## Brief
From the line with "(* For every" through the line with "bool) \<Rightarrow> ('a", inclusive, return each line of the data below exactly and leave the rest out.

## The data

========

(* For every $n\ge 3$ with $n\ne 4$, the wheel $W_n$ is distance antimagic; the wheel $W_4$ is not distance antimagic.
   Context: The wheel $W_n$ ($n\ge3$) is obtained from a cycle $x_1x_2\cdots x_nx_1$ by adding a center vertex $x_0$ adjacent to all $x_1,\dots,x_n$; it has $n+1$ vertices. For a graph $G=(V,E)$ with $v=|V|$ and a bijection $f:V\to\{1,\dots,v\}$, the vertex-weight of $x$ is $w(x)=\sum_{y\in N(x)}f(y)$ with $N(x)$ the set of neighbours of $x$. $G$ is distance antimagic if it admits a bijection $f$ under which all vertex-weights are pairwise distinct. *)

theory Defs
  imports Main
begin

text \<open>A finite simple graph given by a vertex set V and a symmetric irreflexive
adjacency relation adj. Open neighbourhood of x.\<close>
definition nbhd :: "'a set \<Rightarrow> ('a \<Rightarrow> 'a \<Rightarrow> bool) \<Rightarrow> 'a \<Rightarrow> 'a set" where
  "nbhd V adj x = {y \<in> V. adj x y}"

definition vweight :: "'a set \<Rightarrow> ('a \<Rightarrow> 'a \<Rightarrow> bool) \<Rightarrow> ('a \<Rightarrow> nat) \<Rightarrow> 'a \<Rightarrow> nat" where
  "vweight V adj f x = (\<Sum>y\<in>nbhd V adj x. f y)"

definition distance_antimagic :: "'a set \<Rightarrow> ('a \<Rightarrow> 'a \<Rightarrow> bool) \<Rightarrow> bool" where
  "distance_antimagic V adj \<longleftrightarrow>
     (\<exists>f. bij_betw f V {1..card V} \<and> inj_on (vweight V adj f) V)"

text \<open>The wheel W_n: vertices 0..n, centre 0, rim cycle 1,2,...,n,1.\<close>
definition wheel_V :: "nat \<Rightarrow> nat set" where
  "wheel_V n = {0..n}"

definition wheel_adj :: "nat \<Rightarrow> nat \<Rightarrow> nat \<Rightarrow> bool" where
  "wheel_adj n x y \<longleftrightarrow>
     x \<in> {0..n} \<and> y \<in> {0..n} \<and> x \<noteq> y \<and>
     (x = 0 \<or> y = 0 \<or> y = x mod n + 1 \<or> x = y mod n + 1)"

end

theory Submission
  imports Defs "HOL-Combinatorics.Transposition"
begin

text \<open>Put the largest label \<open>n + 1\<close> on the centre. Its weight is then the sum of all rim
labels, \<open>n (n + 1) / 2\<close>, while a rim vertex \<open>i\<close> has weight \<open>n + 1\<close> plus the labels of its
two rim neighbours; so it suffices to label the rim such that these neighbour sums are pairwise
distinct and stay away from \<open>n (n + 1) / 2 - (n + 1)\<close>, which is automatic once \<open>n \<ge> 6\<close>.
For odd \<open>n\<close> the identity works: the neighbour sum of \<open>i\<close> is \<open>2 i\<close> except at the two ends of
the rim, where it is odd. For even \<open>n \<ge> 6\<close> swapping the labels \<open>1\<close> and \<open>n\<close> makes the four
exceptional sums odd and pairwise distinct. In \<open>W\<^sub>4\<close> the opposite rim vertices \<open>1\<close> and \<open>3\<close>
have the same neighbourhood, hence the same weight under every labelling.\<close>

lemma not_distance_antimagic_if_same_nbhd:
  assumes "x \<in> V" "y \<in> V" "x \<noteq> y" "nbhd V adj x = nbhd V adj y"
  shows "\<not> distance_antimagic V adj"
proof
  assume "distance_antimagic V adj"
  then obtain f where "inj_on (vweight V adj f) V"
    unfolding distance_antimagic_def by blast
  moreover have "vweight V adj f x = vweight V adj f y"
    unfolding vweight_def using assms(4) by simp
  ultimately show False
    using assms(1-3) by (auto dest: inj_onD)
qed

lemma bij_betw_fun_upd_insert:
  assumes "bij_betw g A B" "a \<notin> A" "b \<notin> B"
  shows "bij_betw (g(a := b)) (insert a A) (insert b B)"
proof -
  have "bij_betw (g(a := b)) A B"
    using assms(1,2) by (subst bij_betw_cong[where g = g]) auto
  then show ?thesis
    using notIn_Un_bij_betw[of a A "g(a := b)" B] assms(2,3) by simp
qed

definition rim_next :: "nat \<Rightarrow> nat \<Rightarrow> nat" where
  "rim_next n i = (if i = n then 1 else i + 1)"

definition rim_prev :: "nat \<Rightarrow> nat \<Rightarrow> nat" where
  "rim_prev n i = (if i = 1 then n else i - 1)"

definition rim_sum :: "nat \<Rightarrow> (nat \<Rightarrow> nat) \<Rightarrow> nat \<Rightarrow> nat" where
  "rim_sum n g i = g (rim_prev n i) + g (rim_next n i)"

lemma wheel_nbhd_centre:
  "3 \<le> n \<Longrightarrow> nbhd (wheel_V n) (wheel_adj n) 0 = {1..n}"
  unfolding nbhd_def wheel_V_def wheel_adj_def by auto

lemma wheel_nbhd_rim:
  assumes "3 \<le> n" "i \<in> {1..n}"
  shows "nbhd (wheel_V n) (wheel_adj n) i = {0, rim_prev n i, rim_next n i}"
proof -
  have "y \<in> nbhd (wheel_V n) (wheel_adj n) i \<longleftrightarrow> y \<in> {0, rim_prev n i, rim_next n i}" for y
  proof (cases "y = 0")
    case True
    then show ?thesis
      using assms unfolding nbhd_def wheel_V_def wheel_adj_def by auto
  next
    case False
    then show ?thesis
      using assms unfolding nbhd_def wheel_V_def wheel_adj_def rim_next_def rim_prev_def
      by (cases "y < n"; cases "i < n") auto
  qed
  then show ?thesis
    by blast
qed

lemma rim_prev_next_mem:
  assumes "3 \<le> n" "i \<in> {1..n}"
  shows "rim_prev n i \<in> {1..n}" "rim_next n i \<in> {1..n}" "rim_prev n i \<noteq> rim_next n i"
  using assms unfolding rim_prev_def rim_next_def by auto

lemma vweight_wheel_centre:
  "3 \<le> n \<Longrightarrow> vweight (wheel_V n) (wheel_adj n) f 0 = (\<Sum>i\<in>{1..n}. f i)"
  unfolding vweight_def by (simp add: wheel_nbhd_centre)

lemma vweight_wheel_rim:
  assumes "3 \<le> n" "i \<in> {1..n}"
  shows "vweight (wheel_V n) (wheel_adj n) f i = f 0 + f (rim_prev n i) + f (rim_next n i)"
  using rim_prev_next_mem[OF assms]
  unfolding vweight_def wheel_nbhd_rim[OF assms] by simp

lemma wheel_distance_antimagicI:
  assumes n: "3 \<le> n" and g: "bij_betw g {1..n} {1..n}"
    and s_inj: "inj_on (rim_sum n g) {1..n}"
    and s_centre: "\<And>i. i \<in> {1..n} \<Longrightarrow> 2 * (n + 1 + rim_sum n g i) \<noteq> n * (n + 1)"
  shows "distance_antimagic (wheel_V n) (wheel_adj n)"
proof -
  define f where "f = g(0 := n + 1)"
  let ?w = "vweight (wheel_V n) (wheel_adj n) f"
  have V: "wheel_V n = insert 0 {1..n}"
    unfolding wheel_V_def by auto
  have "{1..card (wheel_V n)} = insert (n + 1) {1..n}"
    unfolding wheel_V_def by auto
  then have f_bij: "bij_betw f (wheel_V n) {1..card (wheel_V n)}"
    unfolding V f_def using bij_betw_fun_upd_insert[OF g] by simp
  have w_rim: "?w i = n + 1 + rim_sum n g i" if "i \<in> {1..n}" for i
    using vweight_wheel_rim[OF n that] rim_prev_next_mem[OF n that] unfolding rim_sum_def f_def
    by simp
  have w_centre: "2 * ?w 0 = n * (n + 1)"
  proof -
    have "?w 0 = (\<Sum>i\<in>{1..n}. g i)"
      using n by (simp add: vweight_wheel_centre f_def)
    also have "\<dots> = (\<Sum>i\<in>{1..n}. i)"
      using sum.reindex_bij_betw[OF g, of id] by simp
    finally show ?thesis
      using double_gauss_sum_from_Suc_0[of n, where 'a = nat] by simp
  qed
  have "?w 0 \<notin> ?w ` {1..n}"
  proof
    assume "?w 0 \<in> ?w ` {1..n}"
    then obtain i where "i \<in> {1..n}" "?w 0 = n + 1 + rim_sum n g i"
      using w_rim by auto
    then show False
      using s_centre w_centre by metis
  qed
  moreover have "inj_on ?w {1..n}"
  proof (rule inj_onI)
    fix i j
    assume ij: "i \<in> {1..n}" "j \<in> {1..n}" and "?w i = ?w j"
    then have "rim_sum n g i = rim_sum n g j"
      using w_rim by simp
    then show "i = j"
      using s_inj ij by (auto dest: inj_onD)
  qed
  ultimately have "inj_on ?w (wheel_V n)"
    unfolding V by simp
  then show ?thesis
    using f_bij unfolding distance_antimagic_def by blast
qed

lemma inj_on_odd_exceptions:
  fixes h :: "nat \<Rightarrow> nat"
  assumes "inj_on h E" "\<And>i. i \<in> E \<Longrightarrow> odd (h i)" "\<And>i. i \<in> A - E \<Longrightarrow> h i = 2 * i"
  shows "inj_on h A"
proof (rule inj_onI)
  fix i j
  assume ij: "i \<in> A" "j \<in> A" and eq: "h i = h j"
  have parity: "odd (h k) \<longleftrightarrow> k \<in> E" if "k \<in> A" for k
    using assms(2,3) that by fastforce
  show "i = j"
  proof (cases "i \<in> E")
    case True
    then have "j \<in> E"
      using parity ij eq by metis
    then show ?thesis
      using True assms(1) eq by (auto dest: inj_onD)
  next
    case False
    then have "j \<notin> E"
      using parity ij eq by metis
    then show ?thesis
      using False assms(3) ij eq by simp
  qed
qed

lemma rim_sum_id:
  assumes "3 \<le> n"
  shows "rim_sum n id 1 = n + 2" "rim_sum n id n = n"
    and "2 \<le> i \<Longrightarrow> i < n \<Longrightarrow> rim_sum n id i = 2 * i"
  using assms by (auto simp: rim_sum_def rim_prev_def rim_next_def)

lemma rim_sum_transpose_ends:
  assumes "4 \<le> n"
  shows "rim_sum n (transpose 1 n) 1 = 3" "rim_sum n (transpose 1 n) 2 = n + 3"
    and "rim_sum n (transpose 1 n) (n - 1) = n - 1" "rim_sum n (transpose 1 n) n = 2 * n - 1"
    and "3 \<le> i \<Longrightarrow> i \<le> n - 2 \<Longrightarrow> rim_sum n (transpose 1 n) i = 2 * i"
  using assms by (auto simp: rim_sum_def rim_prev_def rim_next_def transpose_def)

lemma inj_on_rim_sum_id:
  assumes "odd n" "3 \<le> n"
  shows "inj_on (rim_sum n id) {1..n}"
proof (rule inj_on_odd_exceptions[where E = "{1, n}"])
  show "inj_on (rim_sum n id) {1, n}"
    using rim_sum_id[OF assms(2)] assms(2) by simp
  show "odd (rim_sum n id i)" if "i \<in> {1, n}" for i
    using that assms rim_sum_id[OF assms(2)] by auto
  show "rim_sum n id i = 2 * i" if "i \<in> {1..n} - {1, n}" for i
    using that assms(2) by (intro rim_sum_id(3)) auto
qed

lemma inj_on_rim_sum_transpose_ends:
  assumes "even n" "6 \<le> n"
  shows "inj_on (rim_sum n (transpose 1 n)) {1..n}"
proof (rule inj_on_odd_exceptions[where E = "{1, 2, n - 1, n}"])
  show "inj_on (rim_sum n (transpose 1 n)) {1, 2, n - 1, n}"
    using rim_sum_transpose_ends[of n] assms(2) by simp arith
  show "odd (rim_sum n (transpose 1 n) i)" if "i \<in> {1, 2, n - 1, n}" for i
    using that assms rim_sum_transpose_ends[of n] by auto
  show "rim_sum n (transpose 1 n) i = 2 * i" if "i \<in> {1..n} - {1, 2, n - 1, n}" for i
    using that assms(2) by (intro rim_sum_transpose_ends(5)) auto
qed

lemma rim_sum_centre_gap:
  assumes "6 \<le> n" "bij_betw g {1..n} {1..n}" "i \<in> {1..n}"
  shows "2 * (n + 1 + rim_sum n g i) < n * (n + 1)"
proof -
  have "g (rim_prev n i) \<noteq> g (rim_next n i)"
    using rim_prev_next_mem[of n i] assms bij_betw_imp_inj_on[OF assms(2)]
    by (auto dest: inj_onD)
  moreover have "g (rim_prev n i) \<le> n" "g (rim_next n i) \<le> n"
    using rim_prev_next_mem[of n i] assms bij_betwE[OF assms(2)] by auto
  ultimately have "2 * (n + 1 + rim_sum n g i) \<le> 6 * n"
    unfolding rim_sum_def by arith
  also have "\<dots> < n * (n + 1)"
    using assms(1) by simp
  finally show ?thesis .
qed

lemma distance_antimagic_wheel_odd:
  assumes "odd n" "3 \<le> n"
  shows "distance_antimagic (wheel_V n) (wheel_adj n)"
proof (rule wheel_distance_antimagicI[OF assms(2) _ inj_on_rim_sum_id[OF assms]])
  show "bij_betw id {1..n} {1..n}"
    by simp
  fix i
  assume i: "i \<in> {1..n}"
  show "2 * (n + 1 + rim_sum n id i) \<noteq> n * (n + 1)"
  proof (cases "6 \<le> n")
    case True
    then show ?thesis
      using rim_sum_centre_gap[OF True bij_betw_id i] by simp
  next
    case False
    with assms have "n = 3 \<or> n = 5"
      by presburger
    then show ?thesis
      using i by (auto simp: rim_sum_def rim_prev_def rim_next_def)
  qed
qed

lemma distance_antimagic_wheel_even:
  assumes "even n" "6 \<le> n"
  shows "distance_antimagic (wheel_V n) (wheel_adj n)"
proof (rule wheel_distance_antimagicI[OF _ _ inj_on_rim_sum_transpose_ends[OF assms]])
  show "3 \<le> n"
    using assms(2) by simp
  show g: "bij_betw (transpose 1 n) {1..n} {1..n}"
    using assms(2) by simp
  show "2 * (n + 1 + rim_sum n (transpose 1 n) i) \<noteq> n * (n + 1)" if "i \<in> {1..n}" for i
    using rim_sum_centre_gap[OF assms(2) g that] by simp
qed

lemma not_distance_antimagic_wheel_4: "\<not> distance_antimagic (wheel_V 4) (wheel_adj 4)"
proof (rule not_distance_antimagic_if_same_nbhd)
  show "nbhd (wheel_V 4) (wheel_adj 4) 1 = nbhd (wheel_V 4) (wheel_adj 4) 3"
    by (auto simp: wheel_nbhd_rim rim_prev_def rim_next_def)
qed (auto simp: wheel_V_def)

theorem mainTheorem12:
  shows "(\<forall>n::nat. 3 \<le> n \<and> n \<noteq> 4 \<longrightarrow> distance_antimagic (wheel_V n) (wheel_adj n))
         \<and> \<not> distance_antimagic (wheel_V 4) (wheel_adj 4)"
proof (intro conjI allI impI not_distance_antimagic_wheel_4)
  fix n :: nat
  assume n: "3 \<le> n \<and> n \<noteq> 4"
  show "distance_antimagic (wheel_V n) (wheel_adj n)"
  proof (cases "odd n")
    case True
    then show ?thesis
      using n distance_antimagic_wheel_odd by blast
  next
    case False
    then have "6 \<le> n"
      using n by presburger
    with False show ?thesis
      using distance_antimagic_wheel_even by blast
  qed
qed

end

========

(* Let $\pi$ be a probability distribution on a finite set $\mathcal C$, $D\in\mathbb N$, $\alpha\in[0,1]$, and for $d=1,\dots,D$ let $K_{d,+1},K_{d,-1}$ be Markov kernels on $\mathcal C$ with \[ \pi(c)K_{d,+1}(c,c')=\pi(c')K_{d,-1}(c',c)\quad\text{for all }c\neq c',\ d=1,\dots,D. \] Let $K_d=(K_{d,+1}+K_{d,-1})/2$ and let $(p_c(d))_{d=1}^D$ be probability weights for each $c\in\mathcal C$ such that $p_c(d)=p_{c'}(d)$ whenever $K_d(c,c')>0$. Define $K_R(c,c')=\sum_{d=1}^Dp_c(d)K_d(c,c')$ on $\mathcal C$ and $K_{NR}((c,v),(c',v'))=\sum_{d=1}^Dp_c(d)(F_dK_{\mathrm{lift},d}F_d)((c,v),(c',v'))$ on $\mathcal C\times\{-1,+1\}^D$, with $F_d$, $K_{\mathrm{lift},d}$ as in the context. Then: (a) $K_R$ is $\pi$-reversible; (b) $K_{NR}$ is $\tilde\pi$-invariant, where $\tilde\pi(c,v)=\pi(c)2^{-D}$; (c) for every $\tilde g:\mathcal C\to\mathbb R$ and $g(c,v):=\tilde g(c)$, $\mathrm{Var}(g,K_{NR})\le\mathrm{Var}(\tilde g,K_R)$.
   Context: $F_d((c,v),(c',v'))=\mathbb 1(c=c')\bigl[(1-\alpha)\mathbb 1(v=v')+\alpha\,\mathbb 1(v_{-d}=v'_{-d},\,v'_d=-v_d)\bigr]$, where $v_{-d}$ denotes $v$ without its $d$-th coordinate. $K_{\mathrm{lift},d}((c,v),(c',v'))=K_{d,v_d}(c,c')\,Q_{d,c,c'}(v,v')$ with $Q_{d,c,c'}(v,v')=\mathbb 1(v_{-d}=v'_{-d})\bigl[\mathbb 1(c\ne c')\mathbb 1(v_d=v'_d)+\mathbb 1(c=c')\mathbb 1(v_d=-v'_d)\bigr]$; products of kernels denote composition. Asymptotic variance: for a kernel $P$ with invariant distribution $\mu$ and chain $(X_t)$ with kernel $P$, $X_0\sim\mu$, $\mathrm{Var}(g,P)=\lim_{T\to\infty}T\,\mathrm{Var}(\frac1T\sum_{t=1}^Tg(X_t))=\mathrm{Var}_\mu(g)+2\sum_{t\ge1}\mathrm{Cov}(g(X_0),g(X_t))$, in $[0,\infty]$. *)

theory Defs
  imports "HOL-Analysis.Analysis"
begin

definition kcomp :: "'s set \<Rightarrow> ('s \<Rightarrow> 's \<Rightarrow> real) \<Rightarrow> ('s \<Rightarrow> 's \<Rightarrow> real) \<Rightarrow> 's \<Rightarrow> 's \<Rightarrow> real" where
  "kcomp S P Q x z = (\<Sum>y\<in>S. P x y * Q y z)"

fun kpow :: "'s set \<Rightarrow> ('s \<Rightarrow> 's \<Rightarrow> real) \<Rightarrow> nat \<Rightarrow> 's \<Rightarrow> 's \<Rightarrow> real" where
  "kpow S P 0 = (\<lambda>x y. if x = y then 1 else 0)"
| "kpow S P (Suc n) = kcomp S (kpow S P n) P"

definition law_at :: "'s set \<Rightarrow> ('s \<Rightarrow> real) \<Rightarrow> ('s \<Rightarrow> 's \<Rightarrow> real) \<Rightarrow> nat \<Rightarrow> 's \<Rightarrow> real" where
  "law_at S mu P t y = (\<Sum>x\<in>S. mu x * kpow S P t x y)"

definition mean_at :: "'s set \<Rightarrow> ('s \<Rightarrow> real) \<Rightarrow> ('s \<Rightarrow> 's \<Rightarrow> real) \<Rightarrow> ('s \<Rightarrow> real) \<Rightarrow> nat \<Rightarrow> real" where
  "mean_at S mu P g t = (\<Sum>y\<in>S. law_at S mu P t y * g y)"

========

## Finished exercise
(* For every $n\ge 3$ with $n\ne 4$, the wheel $W_n$ is distance antimagic; the wheel $W_4$ is not distance antimagic.
   Context: The wheel $W_n$ ($n\ge3$) is obtained from a cycle $x_1x_2\cdots x_nx_1$ by adding a center vertex $x_0$ adjacent to all $x_1,\dots,x_n$; it has $n+1$ vertices. For a graph $G=(V,E)$ with $v=|V|$ and a bijection $f:V\to\{1,\dots,v\}$, the vertex-weight of $x$ is $w(x)=\sum_{y\in N(x)}f(y)$ with $N(x)$ the set of neighbours of $x$. $G$ is distance antimagic if it admits a bijection $f$ under which all vertex-weights are pairwise distinct. *)

theory Defs
  imports Main
begin

text \<open>A finite simple graph given by a vertex set V and a symmetric irreflexive
adjacency relation adj. Open neighbourhood of x.\<close>
definition nbhd :: "'a set \<Rightarrow> ('a \<Rightarrow> 'a \<Rightarrow> bool) \<Rightarrow> 'a \<Rightarrow> 'a set" where
  "nbhd V adj x = {y \<in> V. adj x y}"

definition vweight :: "'a set \<Rightarrow> ('a \<Rightarrow> 'a \<Rightarrow> bool) \<Rightarrow> ('a \<Rightarrow> nat) \<Rightarrow> 'a \<Rightarrow> nat" where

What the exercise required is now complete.